Due to the nature of the series, Airspeeder will not need to use resources putting down tarmac for events


In addition, Airspeeder is creating its sport for broadcast, which will limit the number of people attending races in person and help keep the series’ carbon footprint low. Initially, the championship plans to race in remote locations, but as it develops, it aims to move into cities, where there will naturally be more crowds.

“It’s a sport that’s been designed for broadcast, and we think that we can get some really exciting entertainment value, angles and shots and media production from these vehicles in a way that’s never been done before,” explains Withinshaw.

“We don’t require a lot of audiences in our model to be able to be there on site to be able to do that. We will have small audiences, but not large footprints. It comes down to just making it a nonimpact on the environment, a decision to be able to keep it light. So not only can we have an amazing experience for our viewers through digital broadcast, but we can also, again, reduce that footprint.

“In the future, when we start moving into maybe more urban environments, where if we can race over water, say over the bay of Monaco, for example, that would be fantastic.”


Sustainability is listed as one of Airspeeder’s three key pillars, alongside building a new industry for flying cars and inspiring the next generation.
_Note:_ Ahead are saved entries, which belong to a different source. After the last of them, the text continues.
lemma symmetric_mat_eigenvalue_real:
  assumes fin: "finite V" and sym: "symmetric_on V M" and eig: "mat_eigenvalue V M c"
  shows "Im c = 0"
proof -
  obtain x w where w: "w \<in> V" "x w \<noteq> 0"
    and eq: "\<And>v. v \<in> V \<Longrightarrow> (\<Sum>u\<in>V. complex_of_real (M v u) * x u) = c * x v"
    using eig unfolding mat_eigenvalue_def by auto
  define S where "S = (\<Sum>u\<in>V. \<Sum>v\<in>V. complex_of_real (M u v) * cnj (x u) * x v)"
  define N where "N = (\<Sum>u\<in>V. (cmod (x u))\<^sup>2)"
  have "cnj S = (\<Sum>u\<in>V. \<Sum>v\<in>V. complex_of_real (M u v) * x u * cnj (x v))"
    unfolding S_def by (simp add: cnj_sum)
  also have "\<dots> = (\<Sum>v\<in>V. \<Sum>u\<in>V. complex_of_real (M u v) * x u * cnj (x v))" by (rule sum.swap)
  also have "\<dots> = S" unfolding S_def
    by (intro sum.cong refl) (use sym in \<open>auto simp: symmetric_on_def mult.commute mult.left_commute\<close>)
  finally have "Im S = 0" by (metis Reals_cnj_iff complex_is_Real_iff)
  have "S = (\<Sum>u\<in>V. cnj (x u) * (\<Sum>v\<in>V. complex_of_real (M u v) * x v))"
    unfolding S_def by (simp add: sum_distrib_left mult.commute mult.left_commute)
  also have "\<dots> = (\<Sum>u\<in>V. c * (cnj (x u) * x u))"
  proof (intro sum.cong refl)
    fix u assume u: "u \<in> V"
    have "cnj (x u) * (\<Sum>v\<in>V. complex_of_real (M u v) * x v) = cnj (x u) * (c * x u)"
      by (simp only: eq[OF u])
    then show "cnj (x u) * (\<Sum>v\<in>V. complex_of_real (M u v) * x v) = c * (cnj (x u) * x u)"
      by (simp add: algebra_simps)
  qed
  also have "\<dots> = c * complex_of_real N"
    unfolding N_def of_real_sum sum_distrib_left
    by (intro sum.cong refl) (simp only: complex_norm_square mult.commute)
  finally have "Im c * N = 0" using \<open>Im S = 0\<close> by simp
  moreover have "N > 0" unfolding N_def by (rule sum_pos2[OF fin w(1)]) (use w in auto)
  ultimately show ?thesis by simp
qed

lemma symmetric_mat_eigenvalueE:
  assumes fin: "finite V" and sym: "symmetric_on V M" and eig: "mat_eigenvalue V M c"
  obtains \<mu> z where "c = complex_of_real \<mu>" "real_eigenpair V M \<mu> z"
proof -
  have Im: "Im c = 0" by (rule symmetric_mat_eigenvalue_real[OF assms])
  obtain x w where w: "w \<in> V" "x w \<noteq> 0"
    and eq: "\<And>v. v \<in> V \<Longrightarrow> (\<Sum>u\<in>V. complex_of_real (M v u) * x u) = c * x v"
    using eig unfolding mat_eigenvalue_def by auto
  have c: "c = complex_of_real (Re c)" using Im by (simp add: complex_eq_iff)
  have "mat_vec V M (\<lambda>u. Re (x u)) v = Re c * Re (x v)" "mat_vec V M (\<lambda>u. Im (x u)) v = Re c * Im (x v)"
    if "v \<in> V" for v
    using arg_cong[OF eq[OF that], of Re] arg_cong[OF eq[OF that], of Im] Im
    unfolding mat_vec_def by (simp_all add: Re_sum Im_sum)
  moreover have "Re (x w) \<noteq> 0 \<or> Im (x w) \<noteq> 0" using w(2) by (simp add: complex_eq_iff)
  ultimately have "real_eigenpair V M (Re c) (\<lambda>u. Re (x u)) \<or> real_eigenpair V M (Re c) (\<lambda>u. Im (x u))"
    unfolding real_eigenpair_def using w(1) by auto
  then show ?thesis using c that by blast
qed

lemma norm_le_spec_radius:
  "finite V \<Longrightarrow> mat_eigenvalue V M c \<Longrightarrow> cmod c \<le> spec_radius V M"
  unfolding spec_radius_def by (rule Max_ge) (use finite_mat_eigenvalues[of V M] in auto)

lemma abs_le_spec_radius:
  "finite V \<Longrightarrow> real_eigenpair V M \<mu> z \<Longrightarrow> \<bar>\<mu>\<bar> \<le> spec_radius V M"
  using norm_le_spec_radius[OF _ mat_eigenvalue_if_real_eigenpair] by fastforce

lemma spec_radius_attained:
  assumes fin: "finite V" and ne: "V \<noteq> {}" and sym: "symmetric_on V M"
  obtains \<mu> z where "real_eigenpair V M \<mu> z" "\<bar>\<mu>\<bar> = spec_radius V M"
proof -
  obtain L q where "rayleigh_max V M L q" using rayleigh_max_exists[OF fin ne] by blast
  then have "mat_eigenvalue V M (complex_of_real L)"
    using rayleigh_max_eigenpair[OF fin sym] mat_eigenvalue_if_real_eigenpair by blast
  then have "spec_radius V M \<in> cmod ` {c. mat_eigenvalue V M c}"
    unfolding spec_radius_def by (intro Max_in) (use finite_mat_eigenvalues[OF fin, of M] in auto)
  then obtain c where c: "mat_eigenvalue V M c" "spec_radius V M = cmod c" by auto
  from symmetric_mat_eigenvalueE[OF fin sym c(1)] obtain \<mu> z
    where "c = complex_of_real \<mu>" "real_eigenpair V M \<mu> z" .
  then show ?thesis using c(2) that by auto
qed

lemma quad_form_le_spec_radius:
  assumes fin: "finite V" and ne: "V \<noteq> {}" and sym: "symmetric_on V M"
  shows "quad_form V M y \<le> spec_radius V M * sq_norm V y"
proof -
  obtain L q where max: "rayleigh_max V M L q" using rayleigh_max_exists[OF fin ne] by blast
  then have "L \<le> spec_radius V M"
    using abs_le_spec_radius[OF fin rayleigh_max_eigenpair[OF fin sym max]] by simp
  then have "L * sq_norm V y \<le> spec_radius V M * sq_norm V y" using sq_norm_nonneg by (rule mult_right_mono)
  moreover have "quad_form V M y \<le> L * sq_norm V y" using max unfolding rayleigh_max_def by blast
  ultimately show ?thesis by linarith
qed

lemma eigenvalue_le_dominating_quad_form:
  assumes eig: "real_eigenpair V B \<mu> z" and dom: "\<And>u w. u \<in> V \<Longrightarrow> w \<in> V \<Longrightarrow> \<bar>B u w\<bar> \<le> M u w"
  shows "\<bar>\<mu>\<bar> * sq_norm V z \<le> quad_form V M (\<lambda>u. \<bar>z u\<bar>)"
proof -
  have row: "\<bar>\<mu>\<bar> * \<bar>z u\<bar> \<le> mat_vec V M (\<lambda>u. \<bar>z u\<bar>) u" if u: "u \<in> V" for u
  proof -
    have "\<bar>\<mu>\<bar> * \<bar>z u\<bar> = \<bar>\<Sum>w\<in>V. B u w * z w\<bar>"
      using eig u unfolding real_eigenpair_def mat_vec_def by (simp add: abs_mult)
    also have "\<dots> \<le> (\<Sum>w\<in>V. \<bar>B u w * z w\<bar>)" by (rule sum_abs)
    also have "\<dots> \<le> mat_vec V M (\<lambda>u. \<bar>z u\<bar>) u"
      unfolding mat_vec_def by (intro sum_mono) (simp add: abs_mult dom u mult_right_mono)
    finally show ?thesis .
  qed
  have "\<bar>\<mu>\<bar> * sq_norm V z = (\<Sum>u\<in>V. \<bar>z u\<bar> * (\<bar>\<mu>\<bar> * \<bar>z u\<bar>))"
    unfolding inner_on_def by (simp add: sum_distrib_left abs_mult_self_eq mult.commute mult.left_commute)
  also have "\<dots> \<le> (\<Sum>u\<in>V. \<bar>z u\<bar> * mat_vec V M (\<lambda>u. \<bar>z u\<bar>) u)"
    by (intro sum_mono mult_left_mono row) auto
  also have "\<dots> = quad_form V M (\<lambda>u. \<bar>z u\<bar>)" unfolding bilin_form_mat_vec ..
  finally show ?thesis .
qed

lemma bilin_form_eigenpair_right:
  "real_eigenpair V M \<mu> y \<Longrightarrow> bilin_form V M x y = \<mu> * inner_on V x y"
  unfolding bilin_form_mat_vec inner_on_def real_eigenpair_def by (simp add: sum_distrib_left algebra_simps)

lemma quad_form_eigenpair: "real_eigenpair V M \<mu> z \<Longrightarrow> quad_form V M z = \<mu> * sq_norm V z"
  by (rule bilin_form_eigenpair_right)

lemma eigenvectors_orthogonal:
  assumes sym: "symmetric_on V M" and x: "real_eigenpair V M \<mu> x" and y: "real_eigenpair V M \<nu> y"
    and ne: "\<mu> \<noteq> \<nu>"
  shows "inner_on V x y = 0"
proof -
  have "\<nu> * inner_on V x y = \<mu> * inner_on V y x"
    using bilin_form_eigenpair_right[OF y, of x] bilin_form_eigenpair_right[OF x, of y]
      bilin_form_commute[OF sym, of x y] by simp
  moreover have "inner_on V y x = inner_on V x y" unfolding inner_on_def by (simp add: mult.commute)
  ultimately show ?thesis using ne by simp
qed

lemma rayleigh_max_abs:
  assumes nonneg: "\<And>u w. M u w \<ge> 0" and max: "rayleigh_max V M L q"
  shows "rayleigh_max V M L (\<lambda>u. \<bar>q u\<bar>)"
proof -
  have "quad_form V M q \<le> quad_form V M (\<lambda>u. \<bar>q u\<bar>)"
    unfolding bilin_form_def
  proof (intro sum_mono)
    fix u w
    show "M u w * q u * q w \<le> M u w * \<bar>q u\<bar> * \<bar>q w\<bar>"
      using nonneg[of u w] by (simp add: mult.assoc mult_left_mono abs_mult[symmetric])
  qed
  moreover have "quad_form V M (\<lambda>u. \<bar>q u\<bar>) \<le> L * sq_norm V (\<lambda>u. \<bar>q u\<bar>)"
    using max unfolding rayleigh_max_def by blast
  ultimately have "quad_form V M (\<lambda>u. \<bar>q u\<bar>) = L * sq_norm V (\<lambda>u. \<bar>q u\<bar>)"
    using max unfolding rayleigh_max_def by simp
  then show ?thesis using max unfolding rayleigh_max_def by simp
qed

lemma quad_form_remove_zero:
  assumes "finite V" "v \<in> V" "y v = 0"
  shows "quad_form V M y = quad_form (V - {v}) M y"
proof -
  have drop: "sum f V = sum f (V - {v})" if "f v = 0" for f :: "'a \<Rightarrow> real"
    using assms that by (simp add: sum.remove)
  have "quad_form V M y = (\<Sum>u\<in>V - {v}. \<Sum>w\<in>V. M u w * y u * y w)"
    unfolding bilin_form_def by (rule drop) (simp add: assms)
  also have "\<dots> = quad_form (V - {v}) M y"
    unfolding bilin_form_def by (intro sum.cong refl drop) (simp add: assms)
  finally show ?thesis .
qed

lemma sq_norm_remove_zero:
  "finite V \<Longrightarrow> v \<in> V \<Longrightarrow> y v = 0 \<Longrightarrow> sq_norm V y = sq_norm (V - {v}) y"
  unfolding inner_on_def by (simp add: sum.remove)

section \<open>The Perron root of a connected graph\<close>

lemma symmetric_on_adj: "symmetric_on V (adj E)"
  unfolding symmetric_on_def adj_def by (simp add: insert_commute)

lemma symmetric_on_signed_adj: "symmetric_on V (signed_adj E c)"
  unfolding symmetric_on_def signed_adj_def by (simp add: insert_commute)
Withinshaw says part of that final goal means getting a lot of female pilots involved in the sport in order to address the gender gap that has long existed in traditional motorsport.

“While each of these are really important pillars,” Withinshaw notes, “they all sit together to under what we call ‘flying car
racing’ as the prime reason for what we’re doing. For us, it wasn’t about a marketing play. It’s not about a B2B proposition. It’s
just inherently part of who we are and why we’re doing what we’re doing.”

Looking ahead to 2022 and beyond, Airspeeder has scheduled its first events for next year, when unmanned race cars will take to the skies in rural locations globally. In the long term, there are plans to introduce new teams from different parts of the globe and expanding the calendar. As early as 2023, Airspeeder aims to have pilots in its vehicles.

It’s a sport that’s been designed for broadcast, and we think that we can get some really exciting entertainment value, angles and shots and media production from these vehicles in a way that’s never been done before.

“What I love about what we’re doing is there’s a sense of that blank sheet of paper,” says James Warren, Airspeeder’s head of communications. “It’s just proof that by doing the right thing and by being in tune to these requirements or responding to these requirements, we’re not taking anything away, we’re putting something into the world that’s exciting.

“And, you know, doing what’s right ecologically can be a lot of fun as well.”

“That’s when it’s going to get particularly exciting,” adds Withinshaw, “because at that point I think we can stand up and say: ‘We’ve done it, we’ve achieved it, we’ve now brought motorsport into the sky.”